## Task instructions
Lines below starting with the line with "leaves the reduced" and going on through the line with "< y$1 \<and>" must be output exactly; the rest of the records must be left out.

## Data for analysis
text \<open>Since \<open>\<partial>\<^sub>s f(rot s v) = -v\<^sup>\<perp>(rot s v) \<bullet> \<nabla>\<^sub>v f\<close> for the rotation \<open>rot s\<close> about the
  \<open>v\<^sub>\<parallel>\<close>-axis, \<open>L\<close> is \<open>b\<close> times the derivative along the gyration circles. For the gyrotropic
  \<open>f\<^sub>0\<close> the right-hand side equals \<open>v\<^sub>\<perp> \<bullet> G / w\<close>, a first Fourier mode in the gyroangle, plus
  the term \<open>v\<^sub>\<parallel> \<partial>\<^sub>x\<^sub>\<parallel>F - \<partial>\<^sub>x\<^sub>\<parallel>\<phi>\<^sub>F \<partial>\<^sub>v\<^sub>\<parallel>F\<close>, which is constant on circles. Integrating
  over a circle, the equation is solvable only if that constant vanishes, and then
  \<open>-(1/b) e\<^sub>\<theta> \<bullet> G\<close> is a solution. Any other solution differs from it by a function \<open>P\<close>
  constant on circles, which must be the gyroaverage of \<open>f\<^sub>1\<close>; integrating the velocity
  in cylindrical coordinates turns the Poisson equation for \<open>f\<^sub>1\<close> into the reduced one
  for \<open>P\<close>.\<close>

section \<open>Cylindrical coordinates in velocity space\<close>

lemma vector_3_eq_axis:
  "(vector [a, b, c] :: real^3) = a *\<^sub>R axis 1 1 + b *\<^sub>R axis 2 1 + c *\<^sub>R axis 3 1"
  by (simp add: vec_eq_iff forall_3 axis_def)

lemma prod_Basis_vec3:
  "(\<Prod>b\<in>(Basis::(real^3) set). h b) = h (axis 1 1) * h (axis 2 1) * h (axis 3 1)"
proof -
  have B: "(Basis::(real^3) set) = {axis 1 1, axis 2 1, axis 3 1}"
    unfolding Basis_vec_def by (auto, metis exhaust_3)
  have "axis (1::3) (1::real) \<noteq> axis 2 1" "axis (1::3) (1::real) \<noteq> axis 3 1"
    "axis (2::3) (1::real) \<noteq> axis 3 1"
    by (auto simp: axis_eq_axis)
  then show ?thesis unfolding B by (simp add: mult.assoc)
qed

definition vec3_of_triple :: "(real \<times> real) \<times> real \<Rightarrow> real^3" where
  "vec3_of_triple p = vector [fst (fst p), snd (fst p), snd p]"

lemma vec3_of_triple_measurable[measurable]: "vec3_of_triple \<in> borel_measurable borel"
  unfolding vec3_of_triple_def vector_3_eq_axis
  by (intro borel_measurable_continuous_onI continuous_intros)

lemma distr_vec3_of_triple: "distr lborel borel vec3_of_triple = (lborel :: (real^3) measure)"
proof (rule lborel_eqI[symmetric])
  fix l u :: "real^3"
  assume "\<And>b. b \<in> Basis \<Longrightarrow> l \<bullet> b \<le> u \<bullet> b"
  then have le: "l$i \<le> u$i" for i
    by (auto simp: Basis_vec_def cart_eq_inner_axis)
  have pre: "vec3_of_triple -` box l u = ({l$1<..<u$1} \<times> {l$2<..<u$2}) \<times> {l$3<..<u$3}"
    unfolding vec3_of_triple_def by (auto simp: mem_box_cart forall_3)
  have "emeasure (distr lborel borel vec3_of_triple) (box l u) = emeasure lborel (vec3_of_triple -` box l u)"
    by (subst emeasure_distr) auto
  also have "\<dots> = emeasure (lborel \<Otimes>\<^sub>M lborel) (({l$1<..<u$1} \<times> {l$2<..<u$2}) \<times> {l$3<..<u$3})"
    unfolding pre lborel_prod ..
  also have "\<dots> = emeasure lborel ({l$1<..<u$1} \<times> {l$2<..<u$2}) * emeasure lborel {l$3<..<u$3}"
    by (intro lborel.emeasure_pair_measure_Times) (auto intro!: borel_open open_Times)
  also have "emeasure lborel ({l$1<..<u$1} \<times> {l$2<..<u$2})
      = emeasure (lborel \<Otimes>\<^sub>M lborel) ({l$1<..<u$1} \<times> {l$2<..<u$2})"
    unfolding lborel_prod ..
  also have "\<dots> = emeasure lborel {l$1<..<u$1} * emeasure lborel {l$2<..<u$2}"
    by (intro lborel.emeasure_pair_measure_Times) auto
  finally show "emeasure (distr lborel borel vec3_of_triple) (box l u) = (\<Prod>b\<in>Basis. (u - l) \<bullet> b)"
    using le unfolding prod_Basis_vec3
    by (simp add: cart_eq_inner_axis[symmetric] ennreal_mult[symmetric] inner_diff_left)
qed simp

lemma has_absolute_integral_change_of_variables_scalar:
  fixes f :: "real^'m::{finite,wellorder} \<Rightarrow> real" and g :: "real^'m::_ \<Rightarrow> real^'m::_"
  assumes S: "S \<in> sets lebesgue"
    and g': "\<And>x. x \<in> S \<Longrightarrow> (g has_derivative g' x) (at x within S)"
    and inj: "inj_on g S"
    and f: "f absolutely_integrable_on (g ` S)"
  shows "(\<lambda>x. \<bar>det (matrix (g' x))\<bar> * f (g x)) absolutely_integrable_on S \<and>
         integral S (\<lambda>x. \<bar>det (matrix (g' x))\<bar> * f (g x)) = integral (g ` S) f"
proof -
  have vec: "bounded_linear (vec :: real \<Rightarrow> real^1)"
    using linear_conv_bounded_linear linear_vec by blast
  define h where "h x = \<bar>det (matrix (g' x))\<bar> *\<^sub>R (vec (f (g x)) :: real^1)" for x
  have "(\<lambda>x. vec (f x) :: real^1) absolutely_integrable_on g ` S"
    using absolutely_integrable_linear[OF f vec] by (simp add: o_def)
  moreover have "integral (g ` S) (\<lambda>x. vec (f x) :: real^1) = vec (integral (g ` S) f)"
    using integral_linear[OF set_lebesgue_integral_eq_integral(1)[OF f] vec] by (simp add: o_def)
  ultimately have "h absolutely_integrable_on S \<and> integral S h = vec (integral (g ` S) f)"
    unfolding h_def by (intro has_absolute_integral_change_of_variables[OF S g' inj, THEN iffD2] conjI)
  then have h: "h absolutely_integrable_on S" "integral S h = vec (integral (g ` S) f)"
    by auto
  have h1: "(\<lambda>x. h x $ 1) = (\<lambda>x. \<bar>det (matrix (g' x))\<bar> * f (g x))"
    by (simp add: h_def)
  show ?thesis
    using absolutely_integrable_linear[OF h(1) bounded_linear_vec_nth[of 1]]
      integral_linear[OF set_lebesgue_integral_eq_integral(1)[OF h(1)] bounded_linear_vec_nth[of 1]] h(2)
    by (simp add: o_def h1)
qed

text \<open>Cylindrical coordinates are ordered \<open>(w, v\<^sub>\<parallel>, \<theta>)\<close>, so that integrating out the last one
  leaves the reduced variables of \<open>poisson_red\<close>.\<close>

definition cyl :: "real^3 \<Rightarrow> real^3" where
  "cyl y = vector [y$1 * cos (y$3), y$1 * sin (y$3), y$2]"

definition cyl_derivative :: "real^3 \<Rightarrow> real^3 \<Rightarrow> real^3" where
  "cyl_derivative y h = vector [h$1 * cos (y$3) - y$1 * sin (y$3) * h$3,
                                h$1 * sin (y$3) + y$1 * cos (y$3) * h$3, h$2]"

definition cyl_domain :: "(real^3) set" where
  "cyl_domain = {y. 0 < y$1 \<and> 0 < y$3 \<and> y$3 < 2*pi}"

lemma cyl_has_derivative: "(cyl has_derivative cyl_derivative y) (at y)"
proof -
  have e: "cyl_derivative y = (\<lambda>h. (h$1 * cos (y$3) + y$1 * (- sin (y$3) * h$3)) *\<^sub>R axis 1 1
     + (h$1 * sin (y$3) + y$1 * (cos (y$3) * h$3)) *\<^sub>R axis 2 1 + h$2 *\<^sub>R axis 3 1)"
    by (auto simp: cyl_derivative_def vector_3_eq_axis fun_eq_iff algebra_simps)
  show ?thesis unfolding e cyl_def vector_3_eq_axis
    by (rule derivative_eq_intros bounded_linear.has_derivative[OF bounded_linear_vec_nth] refl)+
       (auto simp: algebra_simps)
qed

lemma det_cyl_derivative: "det (matrix (cyl_derivative y)) = - y$1"
proof -
  have "det (matrix (cyl_derivative y)) = - y$1 * (cos (y$3))^2 - y$1 * (sin (y$3))^2"
    by (simp add: det_3 matrix_def cyl_derivative_def vector_3 axis_def algebra_simps power2_eq_square)
  also have "\<dots> = - y$1" by (simp add: algebra_simps flip: distrib_left)
  finally show ?thesis .
qed

lemma continuous_on_cyl: "continuous_on UNIV cyl"
  unfolding cyl_def vector_3_eq_axis by (intro continuous_intros)

lemma open_cyl_domain: "open cyl_domain"
  unfolding cyl_domain_def by (intro open_Collect_conj open_Collect_less continuous_intros)

lemma inj_on_cyl: "inj_on cyl cyl_domain"
proof (rule inj_onI)
  fix x y assume x: "x \<in> cyl_domain" and y: "y \<in> cyl_domain" and e: "cyl x = cyl y"
  have e1: "x$1 * cos (x$3) = y$1 * cos (y$3)" and e2: "x$1 * sin (x$3) = y$1 * sin (y$3)"
    and e3: "x$2 = y$2"
    using e by (auto simp: cyl_def vec_eq_iff forall_3)
  have "(x$1)^2 = (x$1 * cos (x$3))^2 + (x$1 * sin (x$3))^2"
    by (simp add: power_mult_distrib flip: distrib_left)
  also have "\<dots> = (y$1 * cos (y$3))^2 + (y$1 * sin (y$3))^2" using e1 e2 by simp
  also have "\<dots> = (y$1)^2" by (simp add: power_mult_distrib flip: distrib_left)
  finally have r: "x$1 = y$1" using x y by (simp add: cyl_domain_def power2_eq_iff_nonneg)
  then have "cos (x$3) = cos (y$3)" "sin (x$3) = sin (y$3)"
    using e1 e2 x by (auto simp: cyl_domain_def)
  then obtain n :: int where n: "x$3 = y$3 + 2*pi*n" using sin_cos_eq_iff by metis
  have "0 < y$3" "y$3 < 2*pi" "0 < x$3" "x$3 < 2*pi" using x y by (auto simp: cyl_domain_def)
  then have "2*pi*(-1) < 2*pi*n" "2*pi*n < 2*pi*1" using n by linarith+
  then have "-1 < real_of_int n" "real_of_int n < 1"
    using pi_gt_zero by (simp_all only: mult_less_cancel_left)
  then have "n = 0" by linarith
  then show "x = y" using n r e3 by (simp add: vec_eq_iff forall_3)
qed

lemma cyl_image_complement: "UNIV - cyl ` cyl_domain \<subseteq> {v. v$2 = 0}"
proof
  fix v :: "real^3" assume v: "v \<in> UNIV - cyl ` cyl_domain"
  show "v \<in> {v. v$2 = 0}"
  proof (rule ccontr)
    assume "v \<notin> {v. v$2 = 0}"
    then have v2: "v$2 \<noteq> 0" by simp
    define r where "r = sqrt ((v$1)^2 + (v$2)^2)"
    have r: "r > 0" unfolding r_def using v2 by (simp add: add_nonneg_pos)
    have "(v$1/r)^2 + (v$2/r)^2 = 1"
      using r v2 unfolding r_def by (simp add: power_divide flip: add_divide_distrib)
    then obtain t where t: "0 \<le> t" "t < 2*pi" "v$1/r = cos t" "v$2/r = sin t"
      using sincos_total_2pi by metis
    have "t \<noteq> 0" using t v2 r by auto
    then have "vector [r, v$3, t] \<in> cyl_domain" using t r by (simp add: cyl_domain_def vector_3)
    moreover have "cyl (vector [r, v$3, t]) = v"
      using t r by (auto simp: cyl_def vec_eq_iff forall_3 field_simps)
    ultimately show False using v by (metis DiffD2 image_eqI)
  qed
qed

lemma cyl_change_of_variables:
  fixes f :: "real^3 \<Rightarrow> real"
  assumes f: "integrable lborel f"
  shows "(\<lambda>y. y$1 * f (cyl y)) absolutely_integrable_on cyl_domain \<and>
         integral cyl_domain (\<lambda>y. y$1 * f (cyl y)) = integral\<^sup>L lborel f"
proof -
  have "f \<in> borel_measurable borel" using borel_measurable_integrable[OF f] by simp
  then have "integrable lebesgue f" using f by (simp add: integrable_completion)
  then have fU: "f absolutely_integrable_on UNIV" by (simp add: set_integrable_def)
  have neg: "negligible {x \<in> UNIV - cyl ` cyl_domain. f x \<noteq> 0}"
    by (rule negligible_subset[OF negligible_standard_hyperplane_cart[of 2]])
       (use cyl_image_complement in auto)
  have neg0: "negligible {x \<in> cyl ` cyl_domain - UNIV. f x \<noteq> 0}" by simp
  have "integral (cyl ` cyl_domain) f = integral UNIV f"
    using integral_spike_set[OF neg neg0] by simp
  also have "\<dots> = integral\<^sup>L lborel f" by (rule integral_lborel[OF f])
  finally have I: "integral (cyl ` cyl_domain) f = integral\<^sup>L lborel f" .
  have "cyl_domain \<in> sets lebesgue"
    using open_cyl_domain by (intro sets_completionI_sets) (auto intro: borel_open)
  from has_absolute_integral_change_of_variables_scalar[OF this
      has_derivative_at_withinI[OF cyl_has_derivative] inj_on_cyl
      absolutely_integrable_spike_set[OF fU neg neg0]]
  have "(\<lambda>y. \<bar>y$1\<bar> * f (cyl y)) absolutely_integrable_on cyl_domain \<and>
        integral cyl_domain (\<lambda>y. \<bar>y$1\<bar> * f (cyl y)) = integral\<^sup>L lborel f"
    by (simp add: det_cyl_derivative I)
  then have abs: "(\<lambda>y. \<bar>y$1\<bar> * f (cyl y)) absolutely_integrable_on cyl_domain"
    and int: "integral cyl_domain (\<lambda>y. \<bar>y$1\<bar> * f (cyl y)) = integral\<^sup>L lborel f"
    by auto
  have eq: "\<And>y. y \<in> cyl_domain \<Longrightarrow> \<bar>y$1\<bar> * f (cyl y) = y$1 * f (cyl y)"
    by (simp add: cyl_domain_def)
  have "(\<lambda>y. y$1 * f (cyl y)) absolutely_integrable_on cyl_domain"
    using absolutely_integrable_spike_eq[of "{}" cyl_domain "\<lambda>y. \<bar>y$1\<bar> * f (cyl y)"
        "\<lambda>y. y$1 * f (cyl y)"] abs eq
    by auto
  moreover have "integral cyl_domain (\<lambda>y. y$1 * f (cyl y)) = integral\<^sup>L lborel f"
    using int eq by (metis (no_types, lifting) integral_cong)
  ultimately show ?thesis ..
qed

## Task answer
  leaves the reduced variables of \<open>poisson_red\<close>.\<close>

definition cyl :: "real^3 \<Rightarrow> real^3" where
  "cyl y = vector [y$1 * cos (y$3), y$1 * sin (y$3), y$2]"

definition cyl_derivative :: "real^3 \<Rightarrow> real^3 \<Rightarrow> real^3" where
  "cyl_derivative y h = vector [h$1 * cos (y$3) - y$1 * sin (y$3) * h$3,
                                h$1 * sin (y$3) + y$1 * cos (y$3) * h$3, h$2]"

definition cyl_domain :: "(real^3) set" where
  "cyl_domain = {y. 0 < y$1 \<and> 0 < y$3 \<and> y$3 < 2*pi}"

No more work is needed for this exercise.